In diesem Moment wurde die Tür mit aller Macht von außen aufgedrückt. „Hey, was soll das?“ Noch bevor Mateo ausgesprochen hatte, hämmerte ihm sein Gegenüber einen Pistolenlauf ins Gesicht. „Du willst Silvio abziehn? Anfänger!“ Bei jedem Wort schlug ihm der Fremde die Faust in den Bauch. „Wie kommste denn darauf?“, keuchte Mateo.

„Bist verwanzt“, grinste der Fremde.

„Verdammt, wo ist der blöde Köter, wenn man ihn braucht?“, dachte Mateo verzweifelt. Der Fremde holte weit mit seiner Waffe aus, um Mateo den Schädel zu zertrümmern. „Für dich ist jede Kugel zu schade“, meinte er noch. Als sein Arm ganz gestreckt war, hechtete ein Schatten durch das Zimmer. Messerscharfe Zähne gruben sich in den Arm des Fremden. „Ah, verdammt!“ Schreiend ließ er die Waffe fallen. Schon war der Hund wieder weg. „Halt mir deinen scheiß Köter vom Hals!“, keifte der Killer entnervt. Doch Mateo lächelte nur schmerzverzerrt. Da schnellte Cato erneut auf den Fremden zu, warf ihn um und begrub ihn unter sich. Blitzschnell legten sich die muskelstrotzenden Kiefer des Hundes um die Kehle des Mannes. Fragend schaute Cato seinem Herrn in die Augen. „Nein, nicht nötig, Cato.“ Mateo klopfte dem Fremden mit dem Pistolenknauf auf den Kopf und fesselte ihn. Dann griff er seinen Koffer und das Geldpäckchen.
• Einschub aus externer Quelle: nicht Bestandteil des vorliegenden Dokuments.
text \<open>Once the exogenous variables are fixed, the causal effect is the difference
  \<open>m\<^sub>1 - m\<^sub>0\<close> of the conditional means of \<open>Q\<close> on the events \<open>X\<^sub>\<tau> = 1\<close> and
  \<open>X\<^sub>\<tau> = 0\<close>, taken in the order dictated by whether \<open>\<tau> \<in> D\<close>. For a Bernoulli variable
  \<open>X\<close> with \<open>P(X = 1) = p\<close> one has \<open>Cov(Q, X) = p(1 - p)(m\<^sub>1 - m\<^sub>0)\<close> and
  \<open>Var X = p(1 - p)\<close>, hence \<open>r\<^sub>Q\<^sub>,\<^sub>X \<sigma>\<^sub>Q / \<sigma>\<^sub>X = Cov(Q, X) / Var X = m\<^sub>1 - m\<^sub>0\<close>.
  In the \<open>D\<close>-lineage a positive occurrence of \<open>X\<^sub>\<tau>\<close> forces \<open>\<tau> \<in> D\<close> and a negative one
  \<open>\<tau> \<notin> D\<close>, which yields the sign.\<close>

lemma expectation_pmf_of_set_cong:
  fixes h k :: "'a \<Rightarrow> real"
  assumes "finite B" "B \<noteq> {}" "\<And>x. x \<in> B \<Longrightarrow> h x = k x"
  shows "measure_pmf.expectation (pmf_of_set B) h = measure_pmf.expectation (pmf_of_set B) k"
  using assms by (simp add: integral_pmf_of_set[OF assms(2,1)] cong: sum.cong)

lemma expectation_pmf_of_set_const:
  fixes h :: "'a \<Rightarrow> real"
  assumes "finite B" "B \<noteq> {}" "\<And>x. x \<in> B \<Longrightarrow> h x = c"
  shows "measure_pmf.expectation (pmf_of_set B) h = c"
  using expectation_pmf_of_set_cong[OF assms] by simp

lemma expectation_pmf_of_set_partition:
  fixes h :: "'a \<Rightarrow> real"
  assumes fin: "finite A" and ne1: "{x\<in>A. g x} \<noteq> {}" and ne0: "{x\<in>A. \<not> g x} \<noteq> {}"
  defines "p \<equiv> card {x\<in>A. g x} / card A"
  shows "measure_pmf.expectation (pmf_of_set A) h
     = p * measure_pmf.expectation (pmf_of_set {x\<in>A. g x}) h
       + (1 - p) * measure_pmf.expectation (pmf_of_set {x\<in>A. \<not> g x}) h"
proof -
  let ?A1 = "{x\<in>A. g x}" and ?A0 = "{x\<in>A. \<not> g x}"
  have fin10: "finite ?A1" "finite ?A0" and ne: "A \<noteq> {}" using fin ne1 by auto
  have part: "A = ?A1 \<union> ?A0" "?A1 \<inter> ?A0 = {}" by auto
  have card: "real (card A) = card ?A1 + card ?A0"
    using card_Un_disjoint[OF fin10 part(2)] part(1) by simp
  have "card ?A1 > 0" using fin10 ne1 by (simp add: card_gt_0_iff)
  hence "1 - p = card ?A0 / card A"
    by (simp add: p_def card field_simps)
  moreover have "sum h A = sum h ?A1 + sum h ?A0"
    using sum.union_disjoint[OF fin10 part(2)] part(1) by simp
  ultimately show ?thesis
    using fin10 ne1 ne0 ne fin
    by (simp add: integral_pmf_of_set p_def add_divide_distrib)
qed

lemma covariance_indicator_pmf_of_set:
  fixes f :: "'a \<Rightarrow> real"
  assumes fin: "finite A" and ne1: "{x\<in>A. g x} \<noteq> {}" and ne0: "{x\<in>A. \<not> g x} \<noteq> {}"
  defines "p \<equiv> card {x\<in>A. g x} / card A"
  shows "covariance (pmf_of_set A) f (\<lambda>x. of_bool (g x))
     = p * (1 - p) * (measure_pmf.expectation (pmf_of_set {x\<in>A. g x}) f
                      - measure_pmf.expectation (pmf_of_set {x\<in>A. \<not> g x}) f)"
proof -
  let ?A1 = "{x\<in>A. g x}" and ?A0 = "{x\<in>A. \<not> g x}"
  let ?E = "\<lambda>B h. measure_pmf.expectation (pmf_of_set B) (h :: 'a \<Rightarrow> real)"
  have fin10: "finite ?A1" "finite ?A0" using fin by auto
  note partition = expectation_pmf_of_set_partition[OF fin ne1 ne0, folded p_def]
  have lin: "?E B (\<lambda>x. (f x - c) * d) = (?E B f - c) * d" if "finite B" "B \<noteq> {}" for B c d
    using that by (simp add: integrable_measure_pmf_finite)
  have "?E ?A1 (\<lambda>x. of_bool (g x)) = 1" "?E ?A0 (\<lambda>x. of_bool (g x)) = 0"
    by (auto intro!: expectation_pmf_of_set_const fin10 ne1 ne0)
  hence EX: "?E A (\<lambda>x. of_bool (g x)) = p"
    by (simp add: partition)
  define m where "m = ?E A f"
  have on1: "?E ?A1 (\<lambda>x. (f x - m) * (of_bool (g x) - p)) = (?E ?A1 f - m) * (1 - p)"
  proof -
    have "?E ?A1 (\<lambda>x. (f x - m) * (of_bool (g x) - p)) = ?E ?A1 (\<lambda>x. (f x - m) * (1 - p))"
      by (rule expectation_pmf_of_set_cong[OF fin10(1) ne1]) simp
    also have "\<dots> = (?E ?A1 f - m) * (1 - p)" by (rule lin[OF fin10(1) ne1])
    finally show ?thesis .
  qed
  have on0: "?E ?A0 (\<lambda>x. (f x - m) * (of_bool (g x) - p)) = (?E ?A0 f - m) * (- p)"
  proof -
    have "?E ?A0 (\<lambda>x. (f x - m) * (of_bool (g x) - p)) = ?E ?A0 (\<lambda>x. (f x - m) * (- p))"
      by (rule expectation_pmf_of_set_cong[OF fin10(2) ne0]) simp
    also have "\<dots> = (?E ?A0 f - m) * (- p)" by (rule lin[OF fin10(2) ne0])
    finally show ?thesis .
  qed
  have "covariance (pmf_of_set A) f (\<lambda>x. of_bool (g x))
      = p * ((?E ?A1 f - m) * (1 - p)) + (1 - p) * ((?E ?A0 f - m) * (- p))"
    unfolding covariance_def EX m_def[symmetric] partition[of "\<lambda>x. (f x - m) * (of_bool (g x) - p)"]
      on1 on0 ..
  then show ?thesis by (simp add: algebra_simps)
qed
„Los Cato. Ab in den Fiat. Jetzt hilft nur noch schnell sein und beten.“

Am selben Tag erhielt die Polizei eine anonyme Einbruchsmeldung. Als die Streife den Tatort erreichte, fanden die Polizisten einen der gefährlichsten Mafiakiller Europas vor; gefesselt und völlig verwirrt. Seine Taschen waren vollgestopft mit Informationen über den Dortmunder Mafiapaten Silvio.